Сам же адмирал, хотя Гинс и приписывает ему «какое-то отчаяние» в голосе при обсуждении вопроса о внешнеполитической ориентации, занимал вполне здравую и уравновешенную позицию. Не считая «Западно-Русский» кабинет и русско-немецкие отряды в Прибалтике чем-то самостоятельным и справедливо связывая их с общею линией германской политики в отношении России, Верховный Правитель на совещании 18 октября говорил: «Нам слишком мало известно о том, что творится в Германии, даже нельзя сказать, находимся ли в состоянии войны с Германией. Фактически мы с ней не воюем, формально мы с ней мира не заключали после того, как мы отреклись от Брест-литовского мира…» В отличие от точки зрения некоторых членов Совета министров, позиция Колчака отличалась скорее неприязнью к немцам (он и события в Прибалтике был склонен считать «обычной германской провокацией»); но узнали ли об этом представители союзников и насколько они в это поверили – сказать трудно, а ведь именно союзникам предстояло сыграть решающую роль в трагедии, развернувшейся вслед за оставлением Омска.
Впрочем, становилась угрожающей и внутриполитическая обстановка: оправдывались ожидания Колчака, что потеря столицы станет толчком к активным выступлениям оппозиционных сил.
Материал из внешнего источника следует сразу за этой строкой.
lemma falling_fact_mat_Vandermonde_factor:
  fixes x :: "nat \<Rightarrow> 'a::field_char_0"
  assumes "\<And>j. j < K \<Longrightarrow> e j < N"
  shows "mat K K (\<lambda>(i, j). falling_fact (x i) (e j)) =
    mat K N (\<lambda>(i, r). falling_fact (x i - u) r) *
    mat N K (\<lambda>(r, j). of_nat (e j choose r) * falling_fact u (e j - r))"
proof -
  have "falling_fact (x i) (e j) =
      (\<Sum>r<N. falling_fact (x i - u) r * (of_nat (e j choose r) * falling_fact u (e j - r)))"
    if "j < K" for i j
  proof -
    have "falling_fact (x i) (e j) = falling_fact ((x i - u) + u) (e j)"
      by simp
    also have "\<dots> = (\<Sum>r\<le>e j. falling_fact (x i - u) r * (of_nat (e j choose r) * falling_fact u (e j - r)))"
      unfolding falling_fact_Vandermonde by (simp add: mult_ac)
    also have "\<dots> = (\<Sum>r<N. falling_fact (x i - u) r * (of_nat (e j choose r) * falling_fact u (e j - r)))"
      using assms[OF that] by (intro sum.mono_neutral_left) auto
    finally show ?thesis .
  qed
  then show ?thesis
    by (intro eq_matI) (auto simp: scalar_prod_def atLeast0LessThan)
qed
И в годовщину вступления адмирала на пост Верховного Правителя, 18 ноября 1919 года, эвакуировавшиеся из Омска министры узнали о мятеже, поднятом во Владивостоке под руководством генерала Гайды.
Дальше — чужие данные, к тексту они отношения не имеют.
lemma harmonic_ode_eq_0_if_vanishing_at_1:
  assumes "harmonic_ode m p p'" "p 0 = 0" "p 1 = 0" "p' 1 = 0" "x \<in> {0..1}"
  shows "p x = 0"
proof -
  note representation = harmonic_ode_eq_sin_sqrt[OF assms(1,2)]
  have S1: "p' 0 * sin_sqrt m 1 = 0" and C1: "p' 0 * cos_sqrt m 1 = 0"
    using representation[of 1] assms(3,4) by simp_all
  have "p' 0 = p' 0 * (cos_sqrt m 1 ^ 2 + m * sin_sqrt m 1 ^ 2)"
    by (simp add: cos_sqrt_sq_add_sin_sqrt_sq)
  also have "\<dots> = (p' 0 * cos_sqrt m 1) * cos_sqrt m 1 + m * (p' 0 * sin_sqrt m 1) * sin_sqrt m 1"
    by (simp add: algebra_simps power2_eq_square)
  finally have "p' 0 = 0"
    unfolding S1 C1 by simp
  then show ?thesis
    using representation(1)[OF assms(5)] by simp
qed

section \<open>The coupled wave system\<close>

(* The eigenvalue equations with v = i\<lambda>u and z = i\<lambda>y eliminated:
   u'' = -\<lambda>^2 u + i\<lambda>b y and a y'' = -\<lambda>^2 y - i\<lambda>b u. *)
definition coupled_waves :: "real \<Rightarrow> real \<Rightarrow> real \<Rightarrow> (real \<Rightarrow> complex) \<Rightarrow> (real \<Rightarrow> complex) \<Rightarrow>
    (real \<Rightarrow> complex) \<Rightarrow> (real \<Rightarrow> complex) \<Rightarrow> bool" where
  "coupled_waves a b l u u' y y' \<longleftrightarrow> (\<forall>x\<in>{0..1}.
     (u has_vector_derivative u' x) (at x within {0..1}) \<and>
     (u' has_vector_derivative (- of_real (l^2) * u x + \<i> * l * b * y x)) (at x within {0..1}) \<and>
     (y has_vector_derivative y' x) (at x within {0..1}) \<and>
     (y' has_vector_derivative (- of_real (l^2) * y x - \<i> * l * b * u x) / a) (at x within {0..1}))"

lemma coupled_wavesD:
  assumes "coupled_waves a b l u u' y y'" "x \<in> {0..1}"
  shows "(u has_vector_derivative u' x) (at x within {0..1})"
    and "(u' has_vector_derivative (- of_real (l^2) * u x + \<i> * l * b * y x)) (at x within {0..1})"
    and "(y has_vector_derivative y' x) (at x within {0..1})"
    and "(y' has_vector_derivative (- of_real (l^2) * y x - \<i> * l * b * u x) / a) (at x within {0..1})"
  using assms unfolding coupled_waves_def by auto

lemma coupled_waves_zero_frequency:
  assumes "coupled_waves a b 0 u u' y y'" "u 0 = 0" "y 0 = 0" "y 1 = 0" "u' 1 = 0" "x \<in> {0..1}"
  shows "u x = 0 \<and> y x = 0"
proof -
  have u: "harmonic_ode 0 u u'" and y: "harmonic_ode 0 y y'"
    using coupled_wavesD[OF assms(1)] unfolding harmonic_ode_def by simp_all
  have "u t = u' 0 * of_real t" "u' t = u' 0" "y t = y' 0 * of_real t" if "t \<in> {0..1}" for t
    using harmonic_ode_eq_sin_sqrt[OF u assms(2) that] harmonic_ode_eq_sin_sqrt(1)[OF y assms(3) that]
    by (simp_all add: sin_sqrt_def cos_sqrt_def)
  moreover from this(2,3)[of 1] have "u' 0 = 0" "y' 0 = 0"
    using assms(4,5) by simp_all
  ultimately show ?thesis
    using assms(6) by simp
qed

lemma coupled_waves_energy_identity:
  assumes "coupled_waves a b l u u' y y'" "a \<noteq> 0" "u 0 = 0" "y 0 = 0" "y 1 = 0"
  shows "Im (u' 1 * cnj (u 1)) = 0"
proof -
  define G where "G t = u' t * cnj (u t) - cnj (u' t) * u t + a * (y' t * cnj (y t) - cnj (y' t) * y t)"
    for t
  (* In G' the coupling terms i\<lambda>b (y conj u - u conj y) cancel against their conjugates. *)
  have "G 1 = G 0"
  proof (rule has_vector_derivative_zero_imp_eq_left)
    fix t :: real
    assume "t \<in> {0..1}"
    note derivs = coupled_wavesD[OF assms(1) this]
    show "(G has_vector_derivative 0) (at t within {0..1})"
      unfolding G_def
      by (rule has_vector_derivative_eq_rhs[OF has_vector_derivative_add[OF has_vector_derivative_diff[OF
            has_vector_derivative_mult[OF derivs(2) has_vector_derivative_cnj[OF derivs(1)]]
            has_vector_derivative_mult[OF has_vector_derivative_cnj[OF derivs(2)] derivs(1)]]
            has_vector_derivative_mult_right[OF has_vector_derivative_diff[OF
            has_vector_derivative_mult[OF derivs(4) has_vector_derivative_cnj[OF derivs(3)]]
            has_vector_derivative_mult[OF has_vector_derivative_cnj[OF derivs(4)] derivs(3)]]]]])
        (use \<open>a \<noteq> 0\<close> in \<open>simp add: field_simps\<close>)
  qed simp
  then have "u' 1 * cnj (u 1) - cnj (u' 1 * cnj (u 1)) = 0"
    using assms(3-5) by (simp add: G_def)
  then show ?thesis
    by (simp add: complex_eq_iff)
qed

(* The quadratic in d says that (1, i d) is a left eigenvector of the coefficient matrix of
   the system. *)
lemma coupled_waves_combination:
  assumes "coupled_waves a b l u u' y y'" "a \<noteq> 0" "b * d^2 - l * (a - 1) * d - a * b = 0"
  shows "harmonic_ode (of_real (l^2 - d * l * b / a))
    (\<lambda>t. u t + \<i> * d * y t) (\<lambda>t. u' t + \<i> * d * y' t)"
  unfolding harmonic_ode_def
proof (intro ballI conjI)
  fix x :: real
  assume "x \<in> {0..1}"
  note derivs = coupled_wavesD[OF assms(1) this]
  show "((\<lambda>t. u t + \<i> * d * y t) has_vector_derivative u' x + \<i> * d * y' x) (at x within {0..1})"
    using derivs by (intro has_vector_derivative_add has_vector_derivative_mult_right) auto
  have "- of_real (l^2) * u x + \<i> * l * b * y x + \<i> * d * ((- of_real (l^2) * y x - \<i> * l * b * u x) / a)
      + of_real (l^2 - d * l * b / a) * (u x + \<i> * d * y x)
      = - \<i> * of_real (l / a * (b * d^2 - l * (a - 1) * d - a * b)) * y x"
    using \<open>a \<noteq> 0\<close> by (simp add: field_simps power2_eq_square)
  also have "\<dots> = 0"
    using assms(3) by simp
  finally show "((\<lambda>t. u' t + \<i> * d * y' t) has_vector_derivative
      - of_real (l^2 - d * l * b / a) * (u x + \<i> * d * y x)) (at x within {0..1})"
    using derivs
    by (intro has_vector_derivative_eq_rhs[OF has_vector_derivative_add[OF _ has_vector_derivative_mult_right]])
      (auto simp: algebra_simps)
qed

lemma decoupling_roots:
  fixes a b l :: real
  assumes "a > 0" "b \<noteq> 0"
  obtains d1 d2 where "b * d1^2 - l * (a - 1) * d1 - a * b = 0" "b * d2^2 - l * (a - 1) * d2 - a * b = 0"
    and "d1 \<noteq> d2" "d1 + d2 = l * (a - 1) / b" "d1 * d2 = - a"
proof -
  define r where "r = sqrt (l^2 * (a - 1)^2 + 4 * a * b^2)"
  have "r > 0" and r2: "r^2 = l^2 * (a - 1)^2 + 4 * a * b^2"
    using assms by (simp_all add: r_def add_nonneg_pos)
  have quadratic: "b * ((l * (a - 1) + s) / (2 * b))^2 - l * (a - 1) * ((l * (a - 1) + s) / (2 * b)) - a * b
      = (s^2 - (l^2 * (a - 1)^2 + 4 * a * b^2)) / (4 * b)" for s
    using \<open>b \<noteq> 0\<close> by (simp add: field_simps power2_eq_square)
  have product: "(l * (a - 1) + r) / (2 * b) * ((l * (a - 1) + - r) / (2 * b))
      = ((l * (a - 1))^2 - r^2) / (4 * b^2)"
    using \<open>b \<noteq> 0\<close> by (simp add: field_simps power2_eq_square)
  show ?thesis
  proof (rule that[of "(l * (a - 1) + r) / (2 * b)" "(l * (a - 1) + - r) / (2 * b)"])
    show "b * ((l * (a - 1) + r) / (2 * b))^2 - l * (a - 1) * ((l * (a - 1) + r) / (2 * b)) - a * b = 0"
      "b * ((l * (a - 1) + - r) / (2 * b))^2 - l * (a - 1) * ((l * (a - 1) + - r) / (2 * b)) - a * b = 0"
      unfolding quadratic by (simp_all add: r2)
    show "(l * (a - 1) + r) / (2 * b) \<noteq> (l * (a - 1) + - r) / (2 * b)"
      "(l * (a - 1) + r) / (2 * b) + (l * (a - 1) + - r) / (2 * b) = l * (a - 1) / b"
      using \<open>b \<noteq> 0\<close> \<open>r > 0\<close> by (simp_all add: field_simps)
    show "(l * (a - 1) + r) / (2 * b) * ((l * (a - 1) + - r) / (2 * b)) = - a"
      unfolding product r2 using \<open>b \<noteq> 0\<close> by (simp add: field_simps power2_eq_square)
  qed
qed

lemma decoupled_eigenvalues_sum_product:
  fixes a b l d1 d2 :: real
  assumes "a > 0" "b \<noteq> 0" "d1 + d2 = l * (a - 1) / b" "d1 * d2 = - a"
  defines "m1 \<equiv> l^2 - d1 * l * b / a" and "m2 \<equiv> l^2 - d2 * l * b / a"
  shows "a * (m1 + m2) = l^2 * (a + 1)" and "a * (m1 * m2) = l^2 * (l^2 - b^2)"
proof -
  have "a * (m1 + m2) = 2 * a * l^2 - (d1 + d2) * l * b"
    using assms(1) by (simp add: m1_def m2_def field_simps)
  also have "\<dots> = l^2 * (a + 1)"
    using assms(2) by (simp add: assms(3) field_simps power2_eq_square)
  finally show "a * (m1 + m2) = l^2 * (a + 1)" .
  have "a * (m1 * m2) = a * l^4 - (d1 + d2) * l^3 * b + (d1 * d2) * l^2 * b^2 / a"
    using assms(1)
    by (simp add: m1_def m2_def field_simps power2_eq_square power3_eq_cube power4_eq_xxxx)
  also have "\<dots> = l^2 * (l^2 - b^2)"
    using assms(1,2)
    by (simp add: assms(3,4) field_simps power2_eq_square power3_eq_cube power4_eq_xxxx)
  finally show "a * (m1 * m2) = l^2 * (l^2 - b^2)" .
qed

lemma b_sq_eq_of_sum_product:
  fixes a b l m1 m2 :: real
  assumes "a > 0" "m1 + m2 > 0" "a * (m1 + m2) = l^2 * (a + 1)" "a * (m1 * m2) = l^2 * (l^2 - b^2)"
  shows "b^2 = (m1 - a * m2) * (a * m1 - m2) / ((a + 1) * (m1 + m2))"
proof -
  have l2: "l^2 = a * (m1 + m2) / (a + 1)"
    using assms(1,3) by (simp add: field_simps)
  then have "l^2 > 0"
    using assms(1,2) by simp
  have ratio: "a * (m1 * m2) / l^2 = (a + 1) * (m1 * m2) / (m1 + m2)"
  proof -
    have "a * (m1 * m2) * (m1 + m2) = (a + 1) * (m1 * m2) * l^2"
      unfolding l2 using assms(1) by (simp add: field_simps)
    then show ?thesis
      using \<open>l^2 > 0\<close> assms(2) by (simp add: frac_eq_eq)
  qed
  have "b^2 = l^2 - a * (m1 * m2) / l^2"
    using \<open>l^2 > 0\<close> assms(4) by (simp add: field_simps)
  also have "\<dots> = a * (m1 + m2) / (a + 1) - (a + 1) * (m1 * m2) / (m1 + m2)"
    unfolding ratio by (simp add: l2)
  also have "\<dots> = (a * (m1 + m2)^2 - (a + 1)^2 * (m1 * m2)) / ((a + 1) * (m1 + m2))"
    using assms(1,2) by (simp add: field_simps power2_eq_square)
  also have "a * (m1 + m2)^2 - (a + 1)^2 * (m1 * m2) = (m1 - a * m2) * (a * m1 - m2)"
    by (simp add: algebra_simps power2_eq_square)
  finally show ?thesis .
qed

definition nonresonant :: "real \<Rightarrow> real \<Rightarrow> bool" where
  "nonresonant a b \<longleftrightarrow> (\<forall>(k1::int) (k2::int). (k1, k2) \<noteq> (0, 0) \<longrightarrow>
     b^2 \<noteq> (of_int k1^2 - a * of_int k2^2) * (a * of_int k1^2 - of_int k2^2)
       / ((a + 1) * (of_int k1^2 + of_int k2^2)) * pi^2)"

lemma nonresonantD:
  fixes n1 n2 :: int
  assumes "nonresonant a b" "n1 \<noteq> 0"
  defines "m1 \<equiv> (of_int n1 * pi)^2" and "m2 \<equiv> (of_int n2 * pi)^2"
  shows "b^2 \<noteq> (m1 - a * m2) * (a * m1 - m2) / ((a + 1) * (m1 + m2))"
proof -
  define k1 k2 :: real where "k1 = of_int n1 ^ 2" and "k2 = of_int n2 ^ 2"
  have "(m1 - a * m2) * (a * m1 - m2) / ((a + 1) * (m1 + m2))
      = ((k1 - a * k2) * (a * k1 - k2) * pi^2 * pi^2) / ((a + 1) * (k1 + k2) * pi^2)"
    by (simp add: m1_def m2_def k1_def k2_def power_mult_distrib algebra_simps)
  also have "\<dots> = (k1 - a * k2) * (a * k1 - k2) / ((a + 1) * (k1 + k2)) * pi^2"
    by simp
  finally show ?thesis
    using assms(1,2) unfolding nonresonant_def k1_def k2_def by auto
qed

lemma coupled_waves_nonresonant_eq_0:
  assumes waves: "coupled_waves a b l u u' y y'" and "a > 0" "b \<noteq> 0" "nonresonant a b"
    and "u 0 = 0" "u 1 = 0" "y 0 = 0" "y 1 = 0" "u' 1 = 0" "x \<in> {0..1}"
  shows "u x = 0 \<and> y x = 0"
proof -
  obtain d1 d2 where roots: "b * d1^2 - l * (a - 1) * d1 - a * b = 0" "b * d2^2 - l * (a - 1) * d2 - a * b = 0"
    and "d1 \<noteq> d2" and vieta: "d1 + d2 = l * (a - 1) / b" "d1 * d2 = - a"
    using decoupling_roots[OF \<open>a > 0\<close> \<open>b \<noteq> 0\<close>] by metis
  have "a \<noteq> 0"
    using \<open>a > 0\<close> by simp
  note combination = coupled_waves_combination[OF waves \<open>a \<noteq> 0\<close>]
  have "y' 1 = 0"
  proof (rule ccontr)
    assume "y' 1 \<noteq> 0"
    have "\<exists>n::int. n \<noteq> 0 \<and> l^2 - d * l * b / a = (of_int n * pi)^2"
      if "b * d^2 - l * (a - 1) * d - a * b = 0" "d \<noteq> 0" for d
      using harmonic_ode_dirichlet_eigenvalue[OF combination[OF that(1)]] assms(5-9) that(2) \<open>y' 1 \<noteq> 0\<close>
      by (simp only: of_real_eq_iff) simp
    moreover have "d1 \<noteq> 0" "d2 \<noteq> 0"
      using vieta(2) \<open>a > 0\<close> by auto
    ultimately obtain n1 n2 :: int where "n1 \<noteq> 0"
      and m1: "l^2 - d1 * l * b / a = (of_int n1 * pi)^2" and m2: "l^2 - d2 * l * b / a = (of_int n2 * pi)^2"
      using roots by metis
    have "b^2 = ((of_int n1 * pi)^2 - a * (of_int n2 * pi)^2) * (a * (of_int n1 * pi)^2 - (of_int n2 * pi)^2)
        / ((a + 1) * ((of_int n1 * pi)^2 + (of_int n2 * pi)^2))"
      using b_sq_eq_of_sum_product[OF \<open>a > 0\<close> _ decoupled_eigenvalues_sum_product[OF \<open>a > 0\<close> \<open>b \<noteq> 0\<close> vieta]]
        \<open>n1 \<noteq> 0\<close> unfolding m1 m2 by (simp add: add_pos_nonneg)
    then show False
      using nonresonantD[OF \<open>nonresonant a b\<close> \<open>n1 \<noteq> 0\<close>] by simp
  qed
  then have "u x + \<i> * d1 * y x = 0" "u x + \<i> * d2 * y x = 0"
    using harmonic_ode_eq_0_if_vanishing_at_1[OF combination[OF roots(1)]]
      harmonic_ode_eq_0_if_vanishing_at_1[OF combination[OF roots(2)]] assms(5-10)
    by simp_all
  moreover have "\<i> * of_real (d1 - d2) * y x = (u x + \<i> * d1 * y x) - (u x + \<i> * d2 * y x)"
    by (simp add: algebra_simps)
  ultimately have "y x = 0"
    using \<open>d1 \<noteq> d2\<close> by simp
  then show ?thesis
    using \<open>u x + \<i> * d1 * y x = 0\<close> by simp
qed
После своей отставки с должности Командующего Сибирскою армией генерал окончательно попал под влияние «революционно-демократических» кругов. «… Под давлением социалистической молодежи из офицеров своего штаба – Гайда стал готовиться к новому перевороту», – отмечает современник. – «Поезд Гайды… проехал от Екатеринбурга до Владивостока, будя политическую жизнь партий, земств, городов, призывая к восстанию, которое начнет он, генерал Гайда, во имя ликвидации диктатуры (правления адмирала Колчака. – А.К.), создания правительства борьбы с большевиками и немедленного созыва Учредительного собрания». В свою очередь, представители сибирских земств, не вняв призывам Верховного Правителя обратиться к упорной созидательной работе, предпочитали лелеять планы более масштабные и эффектные: «Мы произведем переворот силами армии ген[ерала] Пепеляева и местных распропагандированных гарнизонов; мы поставим Гайду во главе сибирской армии и остановим ее [отступление] под Мариинском, если будет сдан Омск. Мы выбросим большевиков из Сибири и остановимся на Урале, не желая воевать с Советской Россией, мы создадим социалистическое правительство, которое немедленно приступит к созыву Земского собора…» Очевидно, Колчак был прав, когда в последнем разговоре с Гайдой «упрекал его, – согласно рассказу генерала Жанена, – в демократических тенденциях, в оказании покровительства социалистам-революционерам, в наличии в его армии и главном штабе офицеров прогрессивных убеждений». То, что было «демократическим» и «прогрессивным» в глазах французского военачальника, в действительности представляло смертельную угрозу всему делу борьбы на Востоке России.